In the entries below, find every line with the string "cfgs" and copy it.

━━━━━━━━━━━━━━━━━━━━

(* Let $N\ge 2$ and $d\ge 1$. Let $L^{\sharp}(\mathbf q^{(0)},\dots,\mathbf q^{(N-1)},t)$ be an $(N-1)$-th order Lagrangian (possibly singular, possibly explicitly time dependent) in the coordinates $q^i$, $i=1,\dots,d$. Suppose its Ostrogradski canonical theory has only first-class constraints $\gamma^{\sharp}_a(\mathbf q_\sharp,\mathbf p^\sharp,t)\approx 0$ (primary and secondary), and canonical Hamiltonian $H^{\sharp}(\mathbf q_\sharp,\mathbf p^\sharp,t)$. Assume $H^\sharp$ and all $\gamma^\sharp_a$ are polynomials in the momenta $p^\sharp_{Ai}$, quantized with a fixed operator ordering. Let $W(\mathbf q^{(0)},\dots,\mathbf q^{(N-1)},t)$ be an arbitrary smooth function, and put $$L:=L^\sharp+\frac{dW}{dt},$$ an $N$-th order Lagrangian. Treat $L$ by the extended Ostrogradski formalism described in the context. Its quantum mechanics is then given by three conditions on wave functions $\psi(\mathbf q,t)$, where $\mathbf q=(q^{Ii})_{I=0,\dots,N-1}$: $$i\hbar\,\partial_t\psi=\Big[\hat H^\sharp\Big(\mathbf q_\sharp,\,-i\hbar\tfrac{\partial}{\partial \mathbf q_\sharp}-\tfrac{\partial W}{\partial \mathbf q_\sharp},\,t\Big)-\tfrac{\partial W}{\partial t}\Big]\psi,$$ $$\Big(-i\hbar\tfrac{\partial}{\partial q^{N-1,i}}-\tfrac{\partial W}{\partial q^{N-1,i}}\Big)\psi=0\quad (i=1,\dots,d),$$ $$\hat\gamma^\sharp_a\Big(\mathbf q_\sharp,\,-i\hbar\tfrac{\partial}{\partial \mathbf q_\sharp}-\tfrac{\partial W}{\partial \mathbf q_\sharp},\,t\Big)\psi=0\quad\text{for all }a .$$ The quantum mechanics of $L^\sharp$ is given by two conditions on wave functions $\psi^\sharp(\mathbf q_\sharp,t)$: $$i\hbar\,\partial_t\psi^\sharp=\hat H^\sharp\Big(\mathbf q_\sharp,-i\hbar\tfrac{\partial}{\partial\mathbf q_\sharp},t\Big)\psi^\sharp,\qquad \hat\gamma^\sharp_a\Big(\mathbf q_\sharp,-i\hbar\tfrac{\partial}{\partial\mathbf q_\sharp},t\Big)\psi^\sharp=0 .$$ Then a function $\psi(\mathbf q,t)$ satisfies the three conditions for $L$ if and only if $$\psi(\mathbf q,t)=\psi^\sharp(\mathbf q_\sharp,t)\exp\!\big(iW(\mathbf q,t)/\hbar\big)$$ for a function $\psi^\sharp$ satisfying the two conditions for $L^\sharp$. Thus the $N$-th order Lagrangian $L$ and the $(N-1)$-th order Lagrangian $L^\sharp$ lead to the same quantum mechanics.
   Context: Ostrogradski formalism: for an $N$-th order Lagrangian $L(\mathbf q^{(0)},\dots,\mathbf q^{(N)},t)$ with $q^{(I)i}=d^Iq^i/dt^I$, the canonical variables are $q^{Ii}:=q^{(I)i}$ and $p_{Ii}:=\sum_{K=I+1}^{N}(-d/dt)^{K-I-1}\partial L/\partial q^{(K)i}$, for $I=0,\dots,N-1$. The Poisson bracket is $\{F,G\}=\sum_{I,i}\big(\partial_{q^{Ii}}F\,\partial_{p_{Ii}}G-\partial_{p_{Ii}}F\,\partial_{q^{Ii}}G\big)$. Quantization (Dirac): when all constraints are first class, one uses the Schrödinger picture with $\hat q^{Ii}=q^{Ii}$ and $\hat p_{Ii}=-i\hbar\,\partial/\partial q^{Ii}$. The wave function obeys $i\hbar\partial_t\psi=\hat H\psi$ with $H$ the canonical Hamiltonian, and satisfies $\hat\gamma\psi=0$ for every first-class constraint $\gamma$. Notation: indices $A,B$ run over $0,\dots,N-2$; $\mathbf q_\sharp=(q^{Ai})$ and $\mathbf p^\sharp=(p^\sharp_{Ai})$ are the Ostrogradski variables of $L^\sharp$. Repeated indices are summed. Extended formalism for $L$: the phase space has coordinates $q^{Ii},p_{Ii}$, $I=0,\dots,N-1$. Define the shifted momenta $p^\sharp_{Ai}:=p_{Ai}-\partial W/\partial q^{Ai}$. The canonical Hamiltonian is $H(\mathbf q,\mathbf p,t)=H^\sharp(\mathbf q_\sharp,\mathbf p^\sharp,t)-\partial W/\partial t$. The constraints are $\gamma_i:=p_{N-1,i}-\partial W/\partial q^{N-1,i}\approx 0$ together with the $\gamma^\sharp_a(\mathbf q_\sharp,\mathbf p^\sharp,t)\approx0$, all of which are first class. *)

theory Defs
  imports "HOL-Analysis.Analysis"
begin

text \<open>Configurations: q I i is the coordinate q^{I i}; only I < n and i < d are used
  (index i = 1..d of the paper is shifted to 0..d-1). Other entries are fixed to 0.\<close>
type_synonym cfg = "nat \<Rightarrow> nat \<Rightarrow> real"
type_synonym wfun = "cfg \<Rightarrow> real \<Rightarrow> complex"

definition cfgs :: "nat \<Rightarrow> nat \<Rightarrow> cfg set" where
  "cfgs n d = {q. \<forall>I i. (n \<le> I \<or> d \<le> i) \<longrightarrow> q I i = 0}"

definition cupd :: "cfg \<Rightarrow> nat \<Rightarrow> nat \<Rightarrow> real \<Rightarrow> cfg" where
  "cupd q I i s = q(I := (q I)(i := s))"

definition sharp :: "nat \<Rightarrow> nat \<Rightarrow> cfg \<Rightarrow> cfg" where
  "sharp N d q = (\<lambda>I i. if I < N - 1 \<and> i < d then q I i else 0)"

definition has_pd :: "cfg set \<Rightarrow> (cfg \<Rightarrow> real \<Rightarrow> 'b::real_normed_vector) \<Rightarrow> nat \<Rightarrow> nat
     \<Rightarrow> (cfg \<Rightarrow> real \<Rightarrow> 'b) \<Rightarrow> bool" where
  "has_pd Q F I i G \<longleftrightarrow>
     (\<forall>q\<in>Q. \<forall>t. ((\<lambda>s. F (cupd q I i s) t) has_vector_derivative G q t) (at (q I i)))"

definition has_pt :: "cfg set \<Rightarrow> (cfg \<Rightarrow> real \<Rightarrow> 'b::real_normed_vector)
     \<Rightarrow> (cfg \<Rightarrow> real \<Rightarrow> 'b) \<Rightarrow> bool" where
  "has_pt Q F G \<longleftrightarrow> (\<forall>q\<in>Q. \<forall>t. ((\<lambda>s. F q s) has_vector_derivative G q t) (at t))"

━━━━━━━━━━━━━━━━━━━━

## EXERCISE SOLUTION
definition cfgs :: "nat \<Rightarrow> nat \<Rightarrow> cfg set" where
  "cfgs n d = {q. \<forall>I i. (n \<le> I \<or> d \<le> i) \<longrightarrow> q I i = 0}"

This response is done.